Ketamine infusion is a safe, out-patient therapy that is used to manage pain symptoms, particularly of refractory complex regional pain syndrome (CRPS). Patients who suffer from neuropathic pain may not benefit from long-term use of opioids; in fact, prolonged use of opioids may lead to physical dependency.
CRPS is characterized as intense, burning pain at the point of injury that progressively worsens over time. It is a chronic nerve disorder that is caused by nerve damage and could lead to problems throughout the body. Ketamine infusion therapy inhibits the transmission and perception of pain from damaged nerve or nerves.
The exact cause of chronic pain conditions is unknown, but one theory pinpoints central sensitization, in which neurons of the spinal cord become sensitized by tissue damage or inflammation.
Ketamine is a NMDA receptor antagonist, which means it interferes with NMDA receptors that are responsible for central sensitization and pain transmission. Ketamine has analgesic properties that also inhibit the production of nitric oxide, a neurotransmitter involved in pain perception.

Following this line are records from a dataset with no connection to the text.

(* Let $d\ge1$ and $s\in[0,d]$. There exists $\kappa_1>0$ such that for every nonempty open bounded set $E\subset\mathbb R^d$ there exists an absolutely continuous (with respect to Lebesgue measure) Borel probability measure $\eta$ with bounded density, whose support is a finite union of pairwise disjoint $d$-dimensional cubes contained in $E$, and such that \[ \varphi^s(E)\le \kappa_1\cdot\inf_{x\in E}\inf_{r>0}\frac{r^s}{\eta(E\cap B_r(x))}. \]
   Context: $B_r(x)$ denotes the open ball in $\mathbb R^d$ of center $x$ and radius $r$. For a Borel set $E\subset\mathbb R^d$ and $s\ge 0$, the generalized singular value function is $\varphi^s(E)=\sup_\mu \inf_{x\in E}\inf_{r>0} r^s/\mu(B_r(x))$, the supremum over Borel probability measures $\mu$ with $\mu(\mathbb R^d\setminus E)=0$. *)

theory Defs
  imports "HOL-Probability.Probability"
begin

text \<open>Generalized singular value function
  phi^s(E) = sup over Borel probability measures mu with mu(R^d - E) = 0 of
  inf_{x in E} inf_{r>0} r^s / mu(B_r(x)), valued in [0,infinity]
  (r^s / 0 = infinity).\<close>
definition gsvf :: "real \<Rightarrow> 'a::euclidean_space set \<Rightarrow> ennreal" where
  "gsvf s E = (SUP \<mu> \<in> {\<mu>. sets \<mu> = sets borel \<and> prob_space \<mu> \<and> emeasure \<mu> (UNIV - E) = 0}.
      INF x\<in>E. INF r\<in>{0<..}. ennreal (r powr s) / emeasure \<mu> (ball x r))"

definition msupport :: "'a::metric_space measure \<Rightarrow> 'a set" where
  "msupport \<mu> = {x. \<forall>r>0. emeasure \<mu> (ball x r) > 0}"

definition is_cube :: "'a::euclidean_space set \<Rightarrow> bool" where
  "is_cube Q \<longleftrightarrow> (\<exists>a l. l > 0 \<and> Q = cbox a (a + l *\<^sub>R One))"

end

theory Submission
  imports Defs
begin

text \<open>Fix an admissible \<open>\<mu>\<close> whose ratio is within a factor 2 of \<open>\<phi>\<^sup>s(E)\<close>. For small mesh \<open>\<delta>\<close>,
  the half-open grid cells whose closed cubes lie in \<open>E\<close> carry \<open>\<mu>\<close>-mass \<open>Z > 1/2\<close>. Spreading the
  mass of each such cell uniformly over the concentric closed cube of half the side, and dividing
  by \<open>Z\<close>, gives \<open>\<eta>\<close>. A ball \<open>B(x, r)\<close> meets only cores whose cells lie in \<open>B(x, r + d\<delta>)\<close>; hence
  \<open>\<eta>(B(x, r)) \<le> \<mu>(B(x, r + d\<delta>))/Z\<close>, and, the density being at most \<open>\<mu>(B(x, r + d\<delta>))/(Z (\<delta>/2)^d)\<close>
  on these cores, also \<open>\<eta>(B(x, r)) \<le> \<mu>(B(x, r + d\<delta>))/Z \<cdot> (4r/\<delta>)^d\<close>. The first bound handles
  \<open>r \<ge> \<delta>\<close> via \<open>(r + d\<delta>)^s \<le> (1 + d)^s r^s\<close>, the second \<open>r < \<delta>\<close> via \<open>(r/\<delta>)^d \<le> (r/\<delta>)^s\<close> for \<open>s \<le> d\<close>.\<close>

lemma emeasure_density_sum_indicator:
  assumes "finite J" "\<And>k. k \<in> J \<Longrightarrow> 0 \<le> w k" "\<And>k. k \<in> J \<Longrightarrow> S k \<in> sets M"
    and "\<And>k. k \<in> J \<Longrightarrow> emeasure M (S k) < \<infinity>" and "A \<in> sets M"
  shows "emeasure (density M (\<lambda>x. ennreal (\<Sum>k\<in>J. w k * indicator (S k) x))) A
       = ennreal (\<Sum>k\<in>J. w k * measure M (S k \<inter> A))"
proof -
  have S_Int_A: "S k \<inter> A \<in> sets M" if "k \<in> J" for k
    using assms(3,5) that by auto
  have finite_S_Int_A: "emeasure M (S k \<inter> A) \<noteq> \<infinity>" if "k \<in> J" for k
  proof -
    have "emeasure M (S k \<inter> A) \<le> emeasure M (S k)"
      using assms(3) that by (intro emeasure_mono) auto
    then show ?thesis
      using assms(4)[OF that] by auto
  qed
  have "(\<lambda>x. \<Sum>k\<in>J. w k * indicator (S k) x) \<in> borel_measurable M"
    using assms(3) by (intro borel_measurable_sum borel_measurable_times) auto
  then have "emeasure (density M (\<lambda>x. ennreal (\<Sum>k\<in>J. w k * indicator (S k) x))) A
      = (\<integral>\<^sup>+ x. ennreal (\<Sum>k\<in>J. w k * indicator (S k) x) * indicator A x \<partial>M)"
    using assms(5) by (intro emeasure_density) auto
  also have "\<dots> = (\<integral>\<^sup>+ x. (\<Sum>k\<in>J. ennreal (w k) * indicator (S k \<inter> A) x) \<partial>M)"
  proof (rule nn_integral_cong)
    fix x
    have "ennreal (\<Sum>k\<in>J. w k * indicator (S k) x) * indicator A x
        = ennreal (\<Sum>k\<in>J. w k * indicator (S k \<inter> A) x)"
      by (simp add: indicator_def)
    also have "\<dots> = (\<Sum>k\<in>J. ennreal (w k) * indicator (S k \<inter> A) x)"
      using assms(2) by (simp add: ennreal_mult' ennreal_indicator flip: sum_ennreal)
    finally show "ennreal (\<Sum>k\<in>J. w k * indicator (S k) x) * indicator A x
        = (\<Sum>k\<in>J. ennreal (w k) * indicator (S k \<inter> A) x)" .
  qed
  also have "\<dots> = (\<Sum>k\<in>J. ennreal (w k) * emeasure M (S k \<inter> A))"
    using S_Int_A by (simp add: nn_integral_sum nn_integral_cmult_indicator)
  also have "\<dots> = ennreal (\<Sum>k\<in>J. w k * measure M (S k \<inter> A))"
    using assms(2) finite_S_Int_A
    by (simp add: emeasure_eq_ennreal_measure ennreal_mult sum_ennreal flip: sum_ennreal)
  finally show ?thesis .
qed

lemma msupport_density_sum_indicator:
  fixes S :: "'k \<Rightarrow> 'a::euclidean_space set"
  assumes "finite J" "\<And>k. k \<in> J \<Longrightarrow> 0 < w k" "\<And>k. k \<in> J \<Longrightarrow> compact (S k)"
    and "\<And>k x r. k \<in> J \<Longrightarrow> x \<in> S k \<Longrightarrow> 0 < r \<Longrightarrow> 0 < measure lborel (S k \<inter> ball x r)"
  shows "msupport (density lborel (\<lambda>x. ennreal (\<Sum>k\<in>J. w k * indicator (S k) x))) = (\<Union>k\<in>J. S k)"
proof -
  have mass_ball: "emeasure (density lborel (\<lambda>x. ennreal (\<Sum>k\<in>J. w k * indicator (S k) x))) (ball x r)
      = ennreal (\<Sum>k\<in>J. w k * measure lborel (S k \<inter> ball x r))" for x r
    using assms(1-3) emeasure_compact_finite by (intro emeasure_density_sum_indicator)
      (auto simp: less_imp_le compact_imp_closed)
  show ?thesis
  proof (intro equalityI subsetI)
    fix x assume "x \<in> msupport (density lborel (\<lambda>x. ennreal (\<Sum>k\<in>J. w k * indicator (S k) x)))"
    then have charged: "0 < (\<Sum>k\<in>J. w k * measure lborel (S k \<inter> ball x r))" if "0 < r" for r
      using that by (auto simp: msupport_def mass_ball)
    show "x \<in> (\<Union>k\<in>J. S k)"
    proof (rule ccontr)
      assume "x \<notin> (\<Union>k\<in>J. S k)"
      moreover have "closed (\<Union>k\<in>J. S k)"
        using assms(1,3) by (auto intro: compact_imp_closed)
      ultimately obtain r where "0 < r" "ball x r \<inter> (\<Union>k\<in>J. S k) = {}"
        by (metis open_Compl open_contains_ball_eq Compl_iff disjoint_eq_subset_Compl)
      then have "S k \<inter> ball x r = {}" if "k \<in> J" for k
        using that by blast
      then have "(\<Sum>k\<in>J. w k * measure lborel (S k \<inter> ball x r)) = 0"
        by (intro sum.neutral) simp
      with charged[OF \<open>0 < r\<close>] show False
        by simp
    qed
  next
    fix x assume "x \<in> (\<Union>k\<in>J. S k)"
    then obtain j where j: "j \<in> J" "x \<in> S j"
      by blast
    have "0 < (\<Sum>k\<in>J. w k * measure lborel (S k \<inter> ball x r))" if "0 < r" for r
    proof -
      have "0 < w j * measure lborel (S j \<inter> ball x r)"
        using assms(2,4) j that by simp
      also have "\<dots> \<le> (\<Sum>k\<in>J. w k * measure lborel (S k \<inter> ball x r))"
        using assms(1,2) j(1) by (intro member_le_sum) (auto simp: less_imp_le)
      finally show ?thesis .
    qed
    then show "x \<in> msupport (density lborel (\<lambda>x. ennreal (\<Sum>k\<in>J. w k * indicator (S k) x)))"
      by (simp add: msupport_def mass_ball)
  qed
qed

How is Ketamine Infusion Performed?
The patient is put under deep conscious sedation and a ketamine drip is administered at an escalating dose; simultaneously, the patient’s vital signs and level of consciousness are monitored.

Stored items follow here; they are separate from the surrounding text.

lemma mat_vec_lin_comb_eq_zero:
  assumes A: "A \<in> fmats R m n" and V: "\<And>j. j < r \<Longrightarrow> V j \<in> fvecs R n"
    and K: "\<And>j. j < r \<Longrightarrow> mat_vec R n A (V j) i = \<zero>" and c: "c \<in> {..<r} \<rightarrow> carrier R"
  shows "mat_vec R n A (lin_comb R r c V) i = \<zero>"
  using V K c
proof (induction r)
  case 0
  have "(\<Oplus>j\<in>{..<n}. A i j \<otimes> \<zero>) = (\<Oplus>j\<in>{..<n}. \<zero>)"
    by (rule finsum_cong') (auto simp: fmats_carrier[OF A])
  then show ?case unfolding lin_comb_def mat_vec_def by simp
next
  case (Suc r)
  have c: "c \<in> {..<r} \<rightarrow> carrier R" "c r \<in> carrier R" using Suc.prems by auto
  have V: "\<And>j. j < r \<Longrightarrow> V j \<in> fvecs R n" "V r \<in> fvecs R n" using Suc.prems by auto
  have comb: "lin_comb R r c V \<in> fvecs R n" using lin_comb_fvecs V c by blast
  have Vc: "\<And>j s. j \<le> r \<Longrightarrow> V j s \<in> carrier R" using V fvecs_carrier le_neq_implies_less by blast
  have "lin_comb R (Suc r) c V = (\<lambda>s. \<one> \<otimes> lin_comb R r c V s \<oplus> c r \<otimes> V r s)"
  proof
    fix s
    have "lin_comb R (Suc r) c V s = lin_comb R r c V s \<oplus> c r \<otimes> V r s"
      unfolding lin_comb_def lessThan_Suc using c Vc
      by (subst finsum_insert) (auto simp: Pi_def intro!: a_comm finsum_closed)
    then show "lin_comb R (Suc r) c V s = \<one> \<otimes> lin_comb R r c V s \<oplus> c r \<otimes> V r s"
      using comb fvecs_carrier by simp
  qed
  then have "mat_vec R n A (lin_comb R (Suc r) c V) i =
      \<one> \<otimes> mat_vec R n A (lin_comb R r c V) i \<oplus> c r \<otimes> mat_vec R n A (V r) i"
    using mat_vec_lin[OF A comb V(2) one_closed c(2)] by simp
  also have "\<dots> = \<zero>" using Suc c V by simp
  finally show ?case .
qed

lemma lin_comb_pivot:
  assumes P: "pivot_family R n r V p" and j: "j < r" and c: "c \<in> {..<r} \<rightarrow> carrier R"
  shows "lin_comb R r c V (p j) = c j"
proof -
  have "lin_comb R r c V (p j) = (\<Oplus>j'\<in>{..<r}. if j = j' then c j' else \<zero>)"
    unfolding lin_comb_def
    by (rule finsum_cong') (use P j c in \<open>auto simp: pivot_family_def Pi_def\<close>)
  also have "\<dots> = c j" by (rule finsum_singleton) (use j c in auto)
  finally show ?thesis .
qed

lemma inj_on_lin_comb:
  assumes P: "pivot_family R n r V p"
  shows "inj_on (\<lambda>c. lin_comb R r c V) ({..<r} \<rightarrow>\<^sub>E carrier R)"
proof (rule inj_onI)
  fix a b assume a: "a \<in> {..<r} \<rightarrow>\<^sub>E carrier R" and b: "b \<in> {..<r} \<rightarrow>\<^sub>E carrier R"
    and eq: "lin_comb R r a V = lin_comb R r b V"
  show "a = b"
  proof (rule PiE_ext[OF a b])
    fix j assume "j \<in> {..<r}"
    then show "a j = b j"
      using eq lin_comb_pivot[OF P, of j a] lin_comb_pivot[OF P, of j b] a b by (auto simp: PiE_def)
  qed
qed

text \<open>One step of Gaussian elimination, with new pivot column \<open>q\<close>.\<close>
lemma pivot_family_extend:
  assumes P: "pivot_family R n k V p" and w: "w \<in> fvecs R n" and q: "q < n"
    and w_p: "\<And>j. j < k \<Longrightarrow> w (p j) = \<zero>" and w_q: "w q = \<one>"
  shows "pivot_family R n (Suc k) (\<lambda>j. if j < k then (\<lambda>s. \<one> \<otimes> V j s \<oplus> \<ominus> V j q \<otimes> w s) else w)
           (\<lambda>j. if j < k then p j else q)"
  unfolding pivot_family_def
proof (intro allI impI conjI)
  have V: "\<And>j. j < k \<Longrightarrow> V j \<in> fvecs R n" using pivot_family_fvecs[OF P] .
  then have Vc: "\<And>j s. j < k \<Longrightarrow> V j s \<in> carrier R" using fvecs_carrier by blast
  fix j j' assume j: "j < Suc k" and j': "j' < Suc k"
  show "(if j < k then \<lambda>s. \<one> \<otimes> V j s \<oplus> \<ominus> V j q \<otimes> w s else w) \<in> fvecs R n"
    using fvecs_lin[OF V w one_closed] Vc w by auto
  show "(if j < k then p j else q) < n" using P q j unfolding pivot_family_def by auto
  show "(if j' < k then \<lambda>s. \<one> \<otimes> V j' s \<oplus> \<ominus> V j' q \<otimes> w s else w) (if j < k then p j else q) =
      (if j' = j then \<one> else \<zero>)"
  proof (cases "j < k")
    case True
    then show ?thesis using P w_p Vc j' unfolding pivot_family_def by auto
  next
    case False
    then show ?thesis using j j' w_q Vc by (auto simp: r_neg)
  qed
qed

section \<open>Rank bounds by counting\<close>

lemma finite_fvecs: "finite (carrier R) \<Longrightarrow> finite (fvecs R n)"
  and card_fvecs_le: "finite (carrier R) \<Longrightarrow> card (fvecs R n) \<le> card (carrier R) ^ n"
proof -
  assume f: "finite (carrier R)"
  let ?h = "\<lambda>x. restrict x {..<n}"
  have inj: "inj_on ?h (fvecs R n)"
  proof (rule inj_onI, rule ext)
    fix x y j assume x: "x \<in> fvecs R n" and y: "y \<in> fvecs R n" and e: "?h x = ?h y"
    show "x j = y j"
    proof (cases "j < n")
      case True then show ?thesis using fun_cong[OF e, of j] by simp
    next
      case False then show ?thesis using x y by (simp add: fvecs_def)
    qed
  qed
  have sub: "?h ` fvecs R n \<subseteq> {..<n} \<rightarrow>\<^sub>E carrier R"
    unfolding fvecs_def by (intro image_subsetI) (simp add: restrict_PiE_iff)
  have fin: "finite ({..<n} \<rightarrow>\<^sub>E carrier R)" using f by (simp add: finite_PiE)
  show "finite (fvecs R n)" using inj_on_finite[OF inj sub fin] .
  have "card (fvecs R n) \<le> card ({..<n} \<rightarrow>\<^sub>E carrier R)" using card_inj_on_le[OF inj sub fin] .
  then show "card (fvecs R n) \<le> card (carrier R) ^ n" by (simp add: card_PiE)
qed

lemma card_supported_fvecs_ge:
  assumes f: "finite (carrier R)" and S: "S \<subseteq> {..<n}"
  shows "card (carrier R) ^ card S \<le> card {x \<in> fvecs R n. \<forall>j. j \<notin> S \<longrightarrow> x j = \<zero>}"
proof -
  let ?h = "\<lambda>g j. if j \<in> S then g j else \<zero>"
  have inj: "inj_on ?h (S \<rightarrow>\<^sub>E carrier R)"
  proof (rule inj_onI)
    fix a b assume a: "a \<in> S \<rightarrow>\<^sub>E carrier R" and b: "b \<in> S \<rightarrow>\<^sub>E carrier R" and e: "?h a = ?h b"
    show "a = b"
    proof (rule PiE_ext[OF a b])
      fix j assume "j \<in> S"
      then show "a j = b j" using fun_cong[OF e, of j] by simp
    qed
  qed
  have sub: "?h ` (S \<rightarrow>\<^sub>E carrier R) \<subseteq> {x \<in> fvecs R n. \<forall>j. j \<notin> S \<longrightarrow> x j = \<zero>}"
    using S by (auto simp: fvecs_def PiE_def Pi_def)
  have fin: "finite {x \<in> fvecs R n. \<forall>j. j \<notin> S \<longrightarrow> x j = \<zero>}" using finite_fvecs[OF f] by simp
  have "card (carrier R) ^ card S = card (S \<rightarrow>\<^sub>E carrier R)"
    using finite_subset[OF S] by (simp add: card_PiE)
  also have "\<dots> \<le> card {x \<in> fvecs R n. \<forall>j. j \<notin> S \<longrightarrow> x j = \<zero>}"
    using card_inj_on_le[OF inj sub fin] .
  finally show ?thesis .
qed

Can I eat or drink anything pre-procedure?
Patients must not drink or eat anything at least 6 hours prior to procedure.
What can I expect post-procedure?
In the first hours after the infusion, patients may experience drowsiness and may be unsteady on their feet. Transportation should be arranged ahead of time, since the patient will be unable to drive. Patients could experience long-term pain relief that may last for weeks or months.